ここでオケのレベルを云々するつもりは到底ない。私とて人のことを言えるような腕ではない。ただ、驚いたり面白かったりしたことを誰かに言いたい。言いたいし、覚えておきたい。だから書いておこうと思う。
楽器運搬 その2
もういいんだ。いいんだけどさぁ...書いていい?(って誰に同意を求めているのか。)
先日の野外でのコンサート、クラリネットのおじさんがティンパニを運んで来てくれた。古いタイプのいわゆるツーリングワゴンってゆーんですか。それにティンパニ2台。普通、無理ですよね。はい。でも彼は不可能を可能にした。後ろのドアを開けると、ティンパニが2台仲良く横たわっていた...。あ、なるほどね。「おはよう、起きて。」てな感じ。

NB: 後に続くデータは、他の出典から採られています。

fun insert_pos :: "nat \<Rightarrow> ltree \<Rightarrow> nat" where
  "insert_pos x (Leaf a) = 0"
| "insert_pos x (Node l r) =
     (if r = Leaf x then 0
      else if x \<in> set (leaves l) then Suc (insert_pos x l)
      else Suc (num_nodes l + insert_pos x r))"

lemma leaves_not_Nil: "leaves t \<noteq> []"
  by (induction t) auto

lemma num_nodes_pos: "num_nodes t > 0"
  by (cases t) auto

lemma num_nodes_length_leaves: "num_nodes t + 1 = 2 * length (leaves t)"
  by (induction t) simp_all

lemma insert_leaf_not_Leaf: "insert_leaf x t p \<noteq> Leaf y"
  by (induction x t p rule: insert_leaf.induct) auto

lemma set_leaves_insert_leaf: "set (leaves (insert_leaf x t p)) = insert x (set (leaves t))"
  by (induction x t p rule: insert_leaf.induct) auto

lemma distinct_leaves_insert_leaf:
  "distinct (leaves t) \<Longrightarrow> x \<notin> set (leaves t) \<Longrightarrow> distinct (leaves (insert_leaf x t p))"
  by (induction x t p rule: insert_leaf.induct) (auto simp: set_leaves_insert_leaf)

lemma Min_insert_greater:
  "finite A \<Longrightarrow> A \<noteq> {} \<Longrightarrow> \<forall>y\<in>A. y < x \<Longrightarrow> Min (insert x A) = Min (A :: 'a::linorder set)"
  by (simp add: min_def) (meson Min_in less_le_not_le)

lemma canonical_insert_leaf:
  "canonical t \<Longrightarrow> \<forall>y\<in>set (leaves t). y < x \<Longrightarrow> canonical (insert_leaf x t p)"
  by (induction x t p rule: insert_leaf.induct)
    (use leaves_not_Nil in \<open>auto simp: Min_less_iff set_leaves_insert_leaf Min_insert_greater\<close>)

lemma remove_insert_leaf:
  assumes "x \<notin> set (leaves t)" "p < num_nodes t"
  shows "remove_leaf x (insert_leaf x t p) = t \<and> insert_pos x (insert_leaf x t p) = p"
  using assms
  by (induction x t p rule: insert_leaf.induct)
    (auto simp: set_leaves_insert_leaf insert_leaf_not_Leaf split: ltree.splits)

lemma set_leaves_remove_leaf_subset: "set (leaves (remove_leaf x t)) \<subseteq> set (leaves t)"
  by (induction t) auto

lemma distinct_leaves_remove_leaf: "distinct (leaves t) \<Longrightarrow> distinct (leaves (remove_leaf x t))"
  by (induction t) (use set_leaves_remove_leaf_subset in fastforce)+

lemma set_leaves_remove_leaf:
  "distinct (leaves t) \<Longrightarrow> x \<in> set (leaves t) \<Longrightarrow> t \<noteq> Leaf x \<Longrightarrow>
   set (leaves (remove_leaf x t)) = set (leaves t) - {x}"
  by (induction t) auto

lemma Min_remove_max:
  assumes "finite A" "A - {x} \<noteq> {}" "\<forall>y\<in>A. y \<le> x"
  shows "Min (A - {x}) = Min (A :: 'a::linorder set)"
proof (cases "x \<in> A")
  case True
  then have "A = insert x (A - {x})" by auto
  moreover have "\<forall>y\<in>A - {x}. y < x"
    using assms(3) by auto
  ultimately show ?thesis
    using assms(1,2) Min_insert_greater[of "A - {x}" x] by simp
qed simp

lemma Min_leaves_remove_leaf:
  assumes "distinct (leaves t)" "x \<in> set (leaves t)" "t \<noteq> Leaf x" "\<forall>y\<in>set (leaves t). y \<le> x"
  shows "Min (set (leaves (remove_leaf x t))) = Min (set (leaves t))"
proof -
  have "set (leaves (remove_leaf x t)) = set (leaves t) - {x}"
    using assms(1-3) by (rule set_leaves_remove_leaf)
  moreover have "set (leaves (remove_leaf x t)) \<noteq> {}"
    using leaves_not_Nil by simp
  ultimately show ?thesis
    using assms(4) Min_remove_max[of "set (leaves t)" x] by simp
qed

lemma canonical_remove_leaf:
  "canonical t \<Longrightarrow> distinct (leaves t) \<Longrightarrow> x \<in> set (leaves t) \<Longrightarrow> t \<noteq> Leaf x \<Longrightarrow>
   \<forall>y\<in>set (leaves t). y \<le> x \<Longrightarrow> canonical (remove_leaf x t)"
  by (induction t) (auto simp: Min_leaves_remove_leaf)

lemma canonical_left_child_not_max:
  assumes "canonical (Node l r)" "\<forall>y\<in>set (leaves (Node l r)). y \<le> x"
  shows "l \<noteq> Leaf x"
proof
  assume "l = Leaf x"
  moreover obtain y where "y \<in> set (leaves r)"
    using leaves_not_Nil by (metis list.set_intros(1) neq_Nil_conv)
  ultimately show False
    using assms by (fastforce dest: Min_le[of "set (leaves r)", rotated])
qed

lemma insert_remove_leaf:
  "canonical t \<Longrightarrow> distinct (leaves t) \<Longrightarrow> x \<in> set (leaves t) \<Longrightarrow> t \<noteq> Leaf x \<Longrightarrow>
   \<forall>y\<in>set (leaves t). y \<le> x \<Longrightarrow>
   insert_pos x t < num_nodes (remove_leaf x t) \<and> insert_leaf x (remove_leaf x t) (insert_pos x t) = t"
proof (induction t)
  case (Node l r)
  then have "l \<noteq> Leaf x"
    using canonical_left_child_not_max by blast
  with Node show ?case
    using num_nodes_pos[of l] by auto
qed simp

その車は、後ろの座席を取り外してあったりして、思うに間違いなく彼はいい人だ。
チューニング
先の演奏会で気が付いたんだが、最初のチューニングを2回やっていた。即ちAとB♭ それって何か良くない? かつて「管楽器は付き合いで音出してるだけ」なんて聞いたことがあり、ふぅ〜んと思ったんですが。そういうやり方をするところもあるのかな? その筋の方、ご意見下さい。 私は相変わらずティンパニのチューニングを待ってもらえないのが寂しいけど...。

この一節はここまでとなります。